默认模型对中文理解不好,以下输出可能存在问题

from transformers import pipeline

# 仅指定任务时，使用默认模型（不推荐）
pipe = pipeline("sentiment-analysis")
pipe("哈尔滨好冷")

输出:

    [{'label': 'NEGATIVE', 'score': 0.8832131028175354}]

接口示例

pipe("这道菜味道不错")

输出:

    [{'label': 'NEGATIVE', 'score': 0.8870086669921875}]

# 替换为英文后，文本分类任务的表现立刻改善
pipe("You learn things really quickly. You understand the theory class as soon as it is taught.")

输出:

    [{'label': 'POSITIVE', 'score': 0.9961802959442139}]

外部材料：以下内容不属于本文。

(* Let $\gamma:\mathbb{R}\to\mathbb{R}^{nN}$ be a solution of $\dot p=\sum_{m\in\Lambda}u_m(t)X_m(p)$. Then for all $t_0,t\in\mathbb{R}$, \[ \psi(\gamma(t))=\psi(\gamma(t_0))+\int_{t_0}^t(Y\psi)(\gamma(s))\,\mathrm{d}s-(D_1\psi)(t_0,\gamma(t_0))+(D_1\psi)(t,\gamma(t))+\int_{t_0}^t(D_2\psi)(s,\gamma(s))\,\mathrm{d}s, \] where \[ (D_1\psi)(s,p)=-\sum_{m_1\in\Lambda}\widetilde{UV}_{m_1}(s)(X_{m_1}\psi)(p)-\sum_{m_1,m_2\in\Lambda}\widetilde{UV}_{m_2,m_1}(s)\,(X_{m_2}(X_{m_1}\psi))(p), \] \[ (D_2\psi)(s,p)=\sum_{m_1,m_2,m_3\in\Lambda}u_{m_3}(s)\,\widetilde{UV}_{m_2,m_1}(s)\,(X_{m_3}(X_{m_2}(X_{m_1}\psi)))(p). \]
   Context: $G=(V,E)$ is an undirected graph with $V=\{1,\ldots,N\}$ and nonempty edge set $E$ of two-element subsets (edges $ij$); $d_{ij}\geq0$ for $ij\in E$. For $p=(p_1,\ldots,p_N)\in\mathbb{R}^{nN}$: $\psi_i(p)=\frac14\sum_{j:\,ij\in E}(\|p_j-p_i\|^2-d_{ij}^2)^2$ and $\psi(p)=\frac14\sum_{ij\in E}(\|p_j-p_i\|^2-d_{ij}^2)^2$. For each $i$, $b_{i,1},\ldots,b_{i,n}$ is an orthonormal basis of $\mathbb{R}^n$; $B_{i,k}$ is the constant vector field on $\mathbb{R}^{nN}$ with $i$-th block $b_{i,k}$ and other blocks $0$. $\Lambda$ is the set of triples $m=(i,k,\nu)$ with $i\in\{1,\ldots,N\}$, $k\in\{1,\ldots,n\}$, $\nu\in\{1,2\}$; $X_m(p):=h_\nu(\psi_i(p))B_{i,k}(p)$. The functions $h_1,h_2:\mathbb{R}\to\mathbb{R}$ satisfy, for $\nu=1,2$: (i) $h_\nu(y)=0$ for $y\leq 0$; (ii) $h_\nu$ is bounded and of class $C^2$ on $(0,\infty)$; (iii) $h_\nu(y)/y$ remains bounded as $y\downarrow 0$; (iv) $h_\nu'(y)$ remains bounded as $y\downarrow0$; (v) $h_\nu''(y)\,y$ remains bounded as $y\downarrow 0$; (vi) there exist $r',c'>0$ with $h_2'(y)h_1(y)-h_1'(y)h_2(y)\leq -c'y$ for all $y\in(0,r']$. (With these, $X_m$, $X_{m_1}\psi$, $X_{m_2}(X_{m_1}\psi)$ are of class $C^1$, $C^2$, $C^1$, and $X_{m_3}(X_{m_2}(X_{m_1}\psi))$ is continuous; $Xf=\mathrm{D}f\,X$ denotes Lie derivative.) The $\omega_{i,k}$ are $nN$ pairwise distinct positive reals, $\varphi_{i,k}\in\mathbb{R}$, and $u_{(i,k,1)}(t)=\sqrt{\omega_{i,k}}\cos(\omega_{i,k}t+\varphi_{i,k})$, $u_{(i,k,2)}(t)=\sqrt{\omega_{i,k}}\sin(\omega_{i,k}t+\varphi_{i,k})$. For $m=(i,k,\nu)$ let $\Omega(m)=\{\omega_{i,k},-\omega_{i,k}\}$, and $\eta_{\pm\omega_{i,k},m}=\sqrt{\omega_{i,k}}e^{\pm\mathrm{i}\varphi_{i,k}}/2$ if $\nu=1$, $\eta_{\pm\omega_{i,k},m}=\pm\sqrt{\omega_{i,k}}e^{\pm\mathrm{i}\varphi_{i,k}}/(2\mathrm{i})$ if $\nu=2$ (so $u_m(t)=\sum_{\omega\in\Omega(m)}\eta_{\omega,m}e^{\mathrm{i}\omega t}$). Define $\widetilde{UV}_m(t)=-\sum_{\omega\in\Omega(m)}\frac{\eta_{\omega,m}}{\mathrm{i}\omega}e^{\mathrm{i}\omega t}$ and $\widetilde{UV}_{m',m}(t)=\sum_{(\omega',\omega)\in\Omega(m')\times\Omega(m),\,\omega'+\omega\neq0}\frac{\eta_{\omega',m'}\eta_{\omega,m}}{\mathrm{i}^2\omega(\omega'+\omega)}e^{\mathrm{i}(\omega'+\omega)t}$. Finally $Y=\frac12\sum_{i=1}^N\sum_{k=1}^n[X_{(i,k,1)},X_{(i,k,2)}]$ with Lie bracket $[X,Z]=\mathrm{D}Z\,X-\mathrm{D}X\,Z$, and $Y\psi=\mathrm{D}\psi\,Y$. *)

theory Defs
  imports "HOL-Analysis.Analysis"
begin

(* Points p in R^{nN} are elements of (real^'n)^'N: block p$i is the position of vertex i.
   Vertices = the finite type 'N, coordinates/basis indices k = the finite type 'n. *)

definition Lambda :: "('N::finite \<times> 'n::finite \<times> nat) set" where
  "Lambda = UNIV \<times> UNIV \<times> {1,2}"

definition edge_dist2 :: "(real^'n::finite)^'N::finite \<Rightarrow> 'N set \<Rightarrow> real" where
  "edge_dist2 p e = (SOME r. \<exists>i j. e = {i,j} \<and> r = (norm (p$j - p$i))\<^sup>2)"

definition psi_i :: "'N set set \<Rightarrow> ('N set \<Rightarrow> real) \<Rightarrow> (real^'n::finite)^'N::finite \<Rightarrow> 'N \<Rightarrow> real" where
  "psi_i E d p i = (1/4) * (\<Sum>j\<in>{j. {i,j} \<in> E}. ((norm (p$j - p$i))\<^sup>2 - (d {i,j})\<^sup>2)\<^sup>2)"

definition psi :: "'N set set \<Rightarrow> ('N set \<Rightarrow> real) \<Rightarrow> (real^'n::finite)^'N::finite \<Rightarrow> real" where
  "psi E d p = (1/4) * (\<Sum>e\<in>E. (edge_dist2 p e - (d e)\<^sup>2)\<^sup>2)"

pipe("Today haerbin is really cold.")

输出:

[{'label': 'NEGATIVE', 'score': 0.999659538269043}]

批处理调用模型推理

text_list = [
    "哈尔滨冰雪大世界很好玩",
    "I like Harbin",
    "You are very good at playing ball."
]

pipe(text_list)

输出:

    [{'label': 'NEGATIVE', 'score': 0.84312504529953},
     {'label': 'POSITIVE', 'score': 0.6818807125091553},
     {'label': 'POSITIVE', 'score': 0.999847412109375}]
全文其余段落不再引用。